● **PROMPT**
Of all the entries below, only the lines from the one with "Inl v) \<in> krel (phi_wa" up to and including the one with "using bounded_morphism_wa[OF assms(1,4)]" are to be duplicated exactly.

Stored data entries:

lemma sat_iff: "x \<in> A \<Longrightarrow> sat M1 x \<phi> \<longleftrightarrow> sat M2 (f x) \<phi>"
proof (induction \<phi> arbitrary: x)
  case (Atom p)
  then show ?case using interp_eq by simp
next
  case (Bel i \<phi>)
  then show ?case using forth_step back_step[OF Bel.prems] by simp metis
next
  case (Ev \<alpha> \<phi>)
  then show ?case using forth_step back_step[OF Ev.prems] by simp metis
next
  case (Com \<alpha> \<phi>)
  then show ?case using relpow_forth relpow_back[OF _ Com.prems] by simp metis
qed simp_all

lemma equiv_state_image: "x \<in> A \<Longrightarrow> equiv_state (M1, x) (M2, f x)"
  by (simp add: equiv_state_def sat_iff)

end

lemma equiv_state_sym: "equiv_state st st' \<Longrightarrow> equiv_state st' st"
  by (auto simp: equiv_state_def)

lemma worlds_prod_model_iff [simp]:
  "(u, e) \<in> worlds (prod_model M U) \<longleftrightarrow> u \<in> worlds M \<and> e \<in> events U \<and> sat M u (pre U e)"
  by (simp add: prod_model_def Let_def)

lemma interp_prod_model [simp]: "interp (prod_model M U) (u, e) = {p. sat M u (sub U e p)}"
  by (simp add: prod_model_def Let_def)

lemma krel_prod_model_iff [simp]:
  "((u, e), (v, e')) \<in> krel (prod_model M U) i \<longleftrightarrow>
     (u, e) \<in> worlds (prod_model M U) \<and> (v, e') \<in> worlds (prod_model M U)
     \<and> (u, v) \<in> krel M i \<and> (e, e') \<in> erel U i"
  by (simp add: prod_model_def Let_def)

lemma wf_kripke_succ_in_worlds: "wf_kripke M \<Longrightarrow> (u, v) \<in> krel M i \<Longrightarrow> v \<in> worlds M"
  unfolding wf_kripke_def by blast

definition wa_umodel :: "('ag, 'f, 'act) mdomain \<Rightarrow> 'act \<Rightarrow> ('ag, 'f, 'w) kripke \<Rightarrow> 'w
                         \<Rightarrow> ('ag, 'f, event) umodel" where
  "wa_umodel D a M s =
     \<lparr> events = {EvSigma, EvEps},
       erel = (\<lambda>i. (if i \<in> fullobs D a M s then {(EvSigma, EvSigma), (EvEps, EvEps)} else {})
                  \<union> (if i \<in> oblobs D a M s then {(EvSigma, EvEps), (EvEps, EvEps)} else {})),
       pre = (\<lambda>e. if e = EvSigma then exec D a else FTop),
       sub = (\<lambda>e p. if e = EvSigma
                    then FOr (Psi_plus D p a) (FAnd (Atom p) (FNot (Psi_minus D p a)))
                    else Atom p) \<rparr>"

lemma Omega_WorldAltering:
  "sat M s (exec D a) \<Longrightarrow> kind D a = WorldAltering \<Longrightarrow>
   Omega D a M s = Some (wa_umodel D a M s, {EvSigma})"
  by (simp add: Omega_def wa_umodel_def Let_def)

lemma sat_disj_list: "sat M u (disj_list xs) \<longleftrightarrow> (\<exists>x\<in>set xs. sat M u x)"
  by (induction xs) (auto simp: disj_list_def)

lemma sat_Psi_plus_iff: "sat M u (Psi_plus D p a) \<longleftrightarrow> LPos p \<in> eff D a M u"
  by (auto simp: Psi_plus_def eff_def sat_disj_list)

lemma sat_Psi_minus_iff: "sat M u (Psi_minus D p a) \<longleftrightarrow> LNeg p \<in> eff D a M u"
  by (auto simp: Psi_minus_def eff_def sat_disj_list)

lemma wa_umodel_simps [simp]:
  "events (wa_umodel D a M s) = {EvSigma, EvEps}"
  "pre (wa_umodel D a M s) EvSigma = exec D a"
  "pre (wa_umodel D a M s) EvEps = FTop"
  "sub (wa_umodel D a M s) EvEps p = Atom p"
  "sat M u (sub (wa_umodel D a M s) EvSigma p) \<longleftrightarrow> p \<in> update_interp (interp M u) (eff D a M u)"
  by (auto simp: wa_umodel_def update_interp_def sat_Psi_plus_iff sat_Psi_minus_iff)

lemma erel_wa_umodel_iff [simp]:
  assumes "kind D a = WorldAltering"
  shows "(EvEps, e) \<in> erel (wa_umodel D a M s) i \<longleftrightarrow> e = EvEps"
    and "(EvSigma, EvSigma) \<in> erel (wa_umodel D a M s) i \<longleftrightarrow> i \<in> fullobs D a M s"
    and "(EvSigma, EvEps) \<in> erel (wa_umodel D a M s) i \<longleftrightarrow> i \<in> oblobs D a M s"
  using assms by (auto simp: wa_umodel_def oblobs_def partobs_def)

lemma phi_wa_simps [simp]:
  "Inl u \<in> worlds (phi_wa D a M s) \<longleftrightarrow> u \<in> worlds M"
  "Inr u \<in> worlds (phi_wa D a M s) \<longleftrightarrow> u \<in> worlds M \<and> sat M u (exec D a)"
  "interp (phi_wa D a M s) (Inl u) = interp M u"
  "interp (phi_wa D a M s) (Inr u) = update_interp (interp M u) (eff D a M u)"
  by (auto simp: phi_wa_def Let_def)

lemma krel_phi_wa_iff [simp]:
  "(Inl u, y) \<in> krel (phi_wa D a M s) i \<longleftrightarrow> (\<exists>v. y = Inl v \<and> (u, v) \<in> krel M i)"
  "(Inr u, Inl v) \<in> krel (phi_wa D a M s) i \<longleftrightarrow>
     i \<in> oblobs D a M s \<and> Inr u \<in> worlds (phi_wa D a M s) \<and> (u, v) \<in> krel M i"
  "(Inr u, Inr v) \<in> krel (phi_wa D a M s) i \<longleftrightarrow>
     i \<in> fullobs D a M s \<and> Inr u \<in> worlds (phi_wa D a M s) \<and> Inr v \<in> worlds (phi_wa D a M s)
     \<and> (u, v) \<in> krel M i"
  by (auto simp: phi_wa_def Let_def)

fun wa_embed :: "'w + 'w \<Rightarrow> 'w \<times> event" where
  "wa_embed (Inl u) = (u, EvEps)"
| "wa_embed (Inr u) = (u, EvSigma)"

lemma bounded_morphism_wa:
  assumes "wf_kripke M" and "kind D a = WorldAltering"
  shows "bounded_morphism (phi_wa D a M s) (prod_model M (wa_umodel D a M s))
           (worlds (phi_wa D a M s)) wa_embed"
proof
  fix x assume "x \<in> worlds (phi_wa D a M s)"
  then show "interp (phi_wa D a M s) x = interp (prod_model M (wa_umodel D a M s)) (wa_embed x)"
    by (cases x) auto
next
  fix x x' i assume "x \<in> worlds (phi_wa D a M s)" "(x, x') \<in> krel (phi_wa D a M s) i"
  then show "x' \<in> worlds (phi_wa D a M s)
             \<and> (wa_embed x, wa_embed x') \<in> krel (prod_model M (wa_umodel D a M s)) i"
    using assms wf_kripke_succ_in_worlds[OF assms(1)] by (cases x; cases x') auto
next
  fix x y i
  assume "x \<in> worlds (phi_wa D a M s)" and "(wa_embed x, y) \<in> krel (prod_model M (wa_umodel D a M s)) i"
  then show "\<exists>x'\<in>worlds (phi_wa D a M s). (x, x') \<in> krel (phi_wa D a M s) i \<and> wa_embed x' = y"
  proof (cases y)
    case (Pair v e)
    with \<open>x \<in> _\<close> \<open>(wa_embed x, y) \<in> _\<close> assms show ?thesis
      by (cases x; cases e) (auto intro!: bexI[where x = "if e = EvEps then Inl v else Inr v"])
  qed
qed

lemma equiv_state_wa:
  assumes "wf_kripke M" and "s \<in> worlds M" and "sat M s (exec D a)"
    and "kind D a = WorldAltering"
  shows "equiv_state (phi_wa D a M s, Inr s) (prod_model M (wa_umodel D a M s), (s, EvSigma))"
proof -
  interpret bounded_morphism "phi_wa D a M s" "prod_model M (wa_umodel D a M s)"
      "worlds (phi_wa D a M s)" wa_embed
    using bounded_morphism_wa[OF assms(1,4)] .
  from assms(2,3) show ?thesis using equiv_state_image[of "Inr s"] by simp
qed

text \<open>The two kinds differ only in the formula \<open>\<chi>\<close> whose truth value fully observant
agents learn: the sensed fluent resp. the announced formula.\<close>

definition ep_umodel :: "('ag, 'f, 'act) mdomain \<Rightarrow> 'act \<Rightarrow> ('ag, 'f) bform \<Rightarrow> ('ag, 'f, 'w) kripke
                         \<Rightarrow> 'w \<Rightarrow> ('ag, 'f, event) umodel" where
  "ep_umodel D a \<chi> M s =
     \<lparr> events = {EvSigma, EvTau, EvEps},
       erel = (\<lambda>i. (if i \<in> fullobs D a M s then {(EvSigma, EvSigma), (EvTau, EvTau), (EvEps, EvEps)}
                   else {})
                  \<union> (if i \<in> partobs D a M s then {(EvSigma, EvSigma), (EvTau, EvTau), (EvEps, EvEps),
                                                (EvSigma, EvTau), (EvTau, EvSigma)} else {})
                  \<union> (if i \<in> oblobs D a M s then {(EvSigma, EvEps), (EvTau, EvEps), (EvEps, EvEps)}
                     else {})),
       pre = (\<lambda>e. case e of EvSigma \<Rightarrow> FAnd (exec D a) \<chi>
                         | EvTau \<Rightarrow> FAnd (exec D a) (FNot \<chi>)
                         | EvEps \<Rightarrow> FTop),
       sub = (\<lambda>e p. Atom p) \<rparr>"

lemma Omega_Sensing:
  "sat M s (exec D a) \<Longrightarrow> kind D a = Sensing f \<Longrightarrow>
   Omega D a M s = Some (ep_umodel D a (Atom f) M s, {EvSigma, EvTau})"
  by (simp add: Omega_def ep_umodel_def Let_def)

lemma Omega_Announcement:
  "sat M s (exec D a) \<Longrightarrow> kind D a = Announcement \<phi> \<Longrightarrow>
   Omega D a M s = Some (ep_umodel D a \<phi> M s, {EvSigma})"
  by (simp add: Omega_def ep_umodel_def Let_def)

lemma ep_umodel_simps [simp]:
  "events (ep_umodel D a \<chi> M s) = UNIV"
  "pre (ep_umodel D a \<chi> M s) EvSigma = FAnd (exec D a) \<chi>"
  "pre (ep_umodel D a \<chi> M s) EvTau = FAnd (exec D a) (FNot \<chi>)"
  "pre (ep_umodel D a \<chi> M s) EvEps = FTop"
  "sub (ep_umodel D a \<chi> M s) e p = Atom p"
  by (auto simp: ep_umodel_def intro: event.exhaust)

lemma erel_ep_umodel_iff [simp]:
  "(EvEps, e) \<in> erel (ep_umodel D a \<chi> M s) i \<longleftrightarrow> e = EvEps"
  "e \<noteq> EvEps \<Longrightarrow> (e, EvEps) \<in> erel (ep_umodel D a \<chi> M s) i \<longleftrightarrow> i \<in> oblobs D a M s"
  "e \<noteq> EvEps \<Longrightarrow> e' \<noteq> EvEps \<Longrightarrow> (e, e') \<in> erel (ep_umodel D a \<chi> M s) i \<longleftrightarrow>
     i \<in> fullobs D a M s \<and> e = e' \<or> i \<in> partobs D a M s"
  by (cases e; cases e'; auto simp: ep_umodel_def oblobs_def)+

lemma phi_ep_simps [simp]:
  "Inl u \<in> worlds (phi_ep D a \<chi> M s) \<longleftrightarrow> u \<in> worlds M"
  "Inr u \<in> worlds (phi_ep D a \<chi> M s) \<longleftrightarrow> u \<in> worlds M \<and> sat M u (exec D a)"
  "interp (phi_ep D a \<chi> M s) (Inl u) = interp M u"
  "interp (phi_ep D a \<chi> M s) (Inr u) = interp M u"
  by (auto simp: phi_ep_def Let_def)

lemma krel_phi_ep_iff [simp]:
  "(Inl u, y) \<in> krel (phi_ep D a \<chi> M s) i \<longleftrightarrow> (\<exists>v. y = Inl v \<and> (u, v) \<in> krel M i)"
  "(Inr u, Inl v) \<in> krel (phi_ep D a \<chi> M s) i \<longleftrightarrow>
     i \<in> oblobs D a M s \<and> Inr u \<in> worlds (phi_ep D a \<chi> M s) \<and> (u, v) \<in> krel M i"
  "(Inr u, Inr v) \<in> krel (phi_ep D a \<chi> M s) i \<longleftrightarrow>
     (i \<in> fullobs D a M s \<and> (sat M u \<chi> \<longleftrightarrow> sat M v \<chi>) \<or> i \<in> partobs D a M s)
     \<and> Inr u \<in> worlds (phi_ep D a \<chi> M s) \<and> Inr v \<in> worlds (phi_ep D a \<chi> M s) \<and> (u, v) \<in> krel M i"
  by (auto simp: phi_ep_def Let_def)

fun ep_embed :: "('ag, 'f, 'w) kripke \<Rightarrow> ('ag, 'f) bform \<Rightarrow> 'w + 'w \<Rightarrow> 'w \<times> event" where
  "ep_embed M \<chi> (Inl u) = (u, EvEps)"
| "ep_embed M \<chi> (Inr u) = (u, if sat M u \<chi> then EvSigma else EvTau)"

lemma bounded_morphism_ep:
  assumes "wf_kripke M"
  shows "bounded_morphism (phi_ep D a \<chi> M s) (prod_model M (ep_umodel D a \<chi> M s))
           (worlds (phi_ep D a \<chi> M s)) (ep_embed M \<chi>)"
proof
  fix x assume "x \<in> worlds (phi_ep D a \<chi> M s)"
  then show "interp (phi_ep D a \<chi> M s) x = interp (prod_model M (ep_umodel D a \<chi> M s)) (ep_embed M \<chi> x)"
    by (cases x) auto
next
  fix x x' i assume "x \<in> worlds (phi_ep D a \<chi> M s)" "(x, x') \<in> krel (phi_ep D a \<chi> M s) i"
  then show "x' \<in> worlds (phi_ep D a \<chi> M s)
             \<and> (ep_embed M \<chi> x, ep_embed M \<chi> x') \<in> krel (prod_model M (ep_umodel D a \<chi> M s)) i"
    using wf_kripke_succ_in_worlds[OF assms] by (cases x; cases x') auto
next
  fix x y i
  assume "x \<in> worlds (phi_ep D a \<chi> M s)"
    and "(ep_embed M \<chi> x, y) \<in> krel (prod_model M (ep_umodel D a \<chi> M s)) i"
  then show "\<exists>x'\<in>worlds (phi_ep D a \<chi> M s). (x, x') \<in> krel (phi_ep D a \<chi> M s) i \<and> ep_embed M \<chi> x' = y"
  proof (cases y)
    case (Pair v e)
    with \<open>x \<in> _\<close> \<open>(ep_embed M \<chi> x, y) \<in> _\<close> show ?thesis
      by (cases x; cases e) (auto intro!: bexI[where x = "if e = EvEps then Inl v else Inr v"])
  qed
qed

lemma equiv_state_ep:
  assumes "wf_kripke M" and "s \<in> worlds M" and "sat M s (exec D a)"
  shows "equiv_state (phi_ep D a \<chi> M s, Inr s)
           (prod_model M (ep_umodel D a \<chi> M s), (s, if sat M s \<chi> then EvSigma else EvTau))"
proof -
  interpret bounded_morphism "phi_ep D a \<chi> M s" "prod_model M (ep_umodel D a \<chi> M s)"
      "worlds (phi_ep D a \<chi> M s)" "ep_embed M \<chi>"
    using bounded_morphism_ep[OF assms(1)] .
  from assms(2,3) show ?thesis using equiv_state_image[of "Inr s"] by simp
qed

● **RESPONSE TO THIS TASK**
  "(Inr u, Inl v) \<in> krel (phi_wa D a M s) i \<longleftrightarrow>
     i \<in> oblobs D a M s \<and> Inr u \<in> worlds (phi_wa D a M s) \<and> (u, v) \<in> krel M i"
  "(Inr u, Inr v) \<in> krel (phi_wa D a M s) i \<longleftrightarrow>
     i \<in> fullobs D a M s \<and> Inr u \<in> worlds (phi_wa D a M s) \<and> Inr v \<in> worlds (phi_wa D a M s)
     \<and> (u, v) \<in> krel M i"
  by (auto simp: phi_wa_def Let_def)

fun wa_embed :: "'w + 'w \<Rightarrow> 'w \<times> event" where
  "wa_embed (Inl u) = (u, EvEps)"
| "wa_embed (Inr u) = (u, EvSigma)"

lemma bounded_morphism_wa:
  assumes "wf_kripke M" and "kind D a = WorldAltering"
  shows "bounded_morphism (phi_wa D a M s) (prod_model M (wa_umodel D a M s))
           (worlds (phi_wa D a M s)) wa_embed"
proof
  fix x assume "x \<in> worlds (phi_wa D a M s)"
  then show "interp (phi_wa D a M s) x = interp (prod_model M (wa_umodel D a M s)) (wa_embed x)"
    by (cases x) auto
next
  fix x x' i assume "x \<in> worlds (phi_wa D a M s)" "(x, x') \<in> krel (phi_wa D a M s) i"
  then show "x' \<in> worlds (phi_wa D a M s)
             \<and> (wa_embed x, wa_embed x') \<in> krel (prod_model M (wa_umodel D a M s)) i"
    using assms wf_kripke_succ_in_worlds[OF assms(1)] by (cases x; cases x') auto
next
  fix x y i
  assume "x \<in> worlds (phi_wa D a M s)" and "(wa_embed x, y) \<in> krel (prod_model M (wa_umodel D a M s)) i"
  then show "\<exists>x'\<in>worlds (phi_wa D a M s). (x, x') \<in> krel (phi_wa D a M s) i \<and> wa_embed x' = y"
  proof (cases y)
    case (Pair v e)
    with \<open>x \<in> _\<close> \<open>(wa_embed x, y) \<in> _\<close> assms show ?thesis
      by (cases x; cases e) (auto intro!: bexI[where x = "if e = EvEps then Inl v else Inr v"])
  qed
qed

lemma equiv_state_wa:
  assumes "wf_kripke M" and "s \<in> worlds M" and "sat M s (exec D a)"
    and "kind D a = WorldAltering"
  shows "equiv_state (phi_wa D a M s, Inr s) (prod_model M (wa_umodel D a M s), (s, EvSigma))"
proof -
  interpret bounded_morphism "phi_wa D a M s" "prod_model M (wa_umodel D a M s)"
      "worlds (phi_wa D a M s)" wa_embed
    using bounded_morphism_wa[OF assms(1,4)] .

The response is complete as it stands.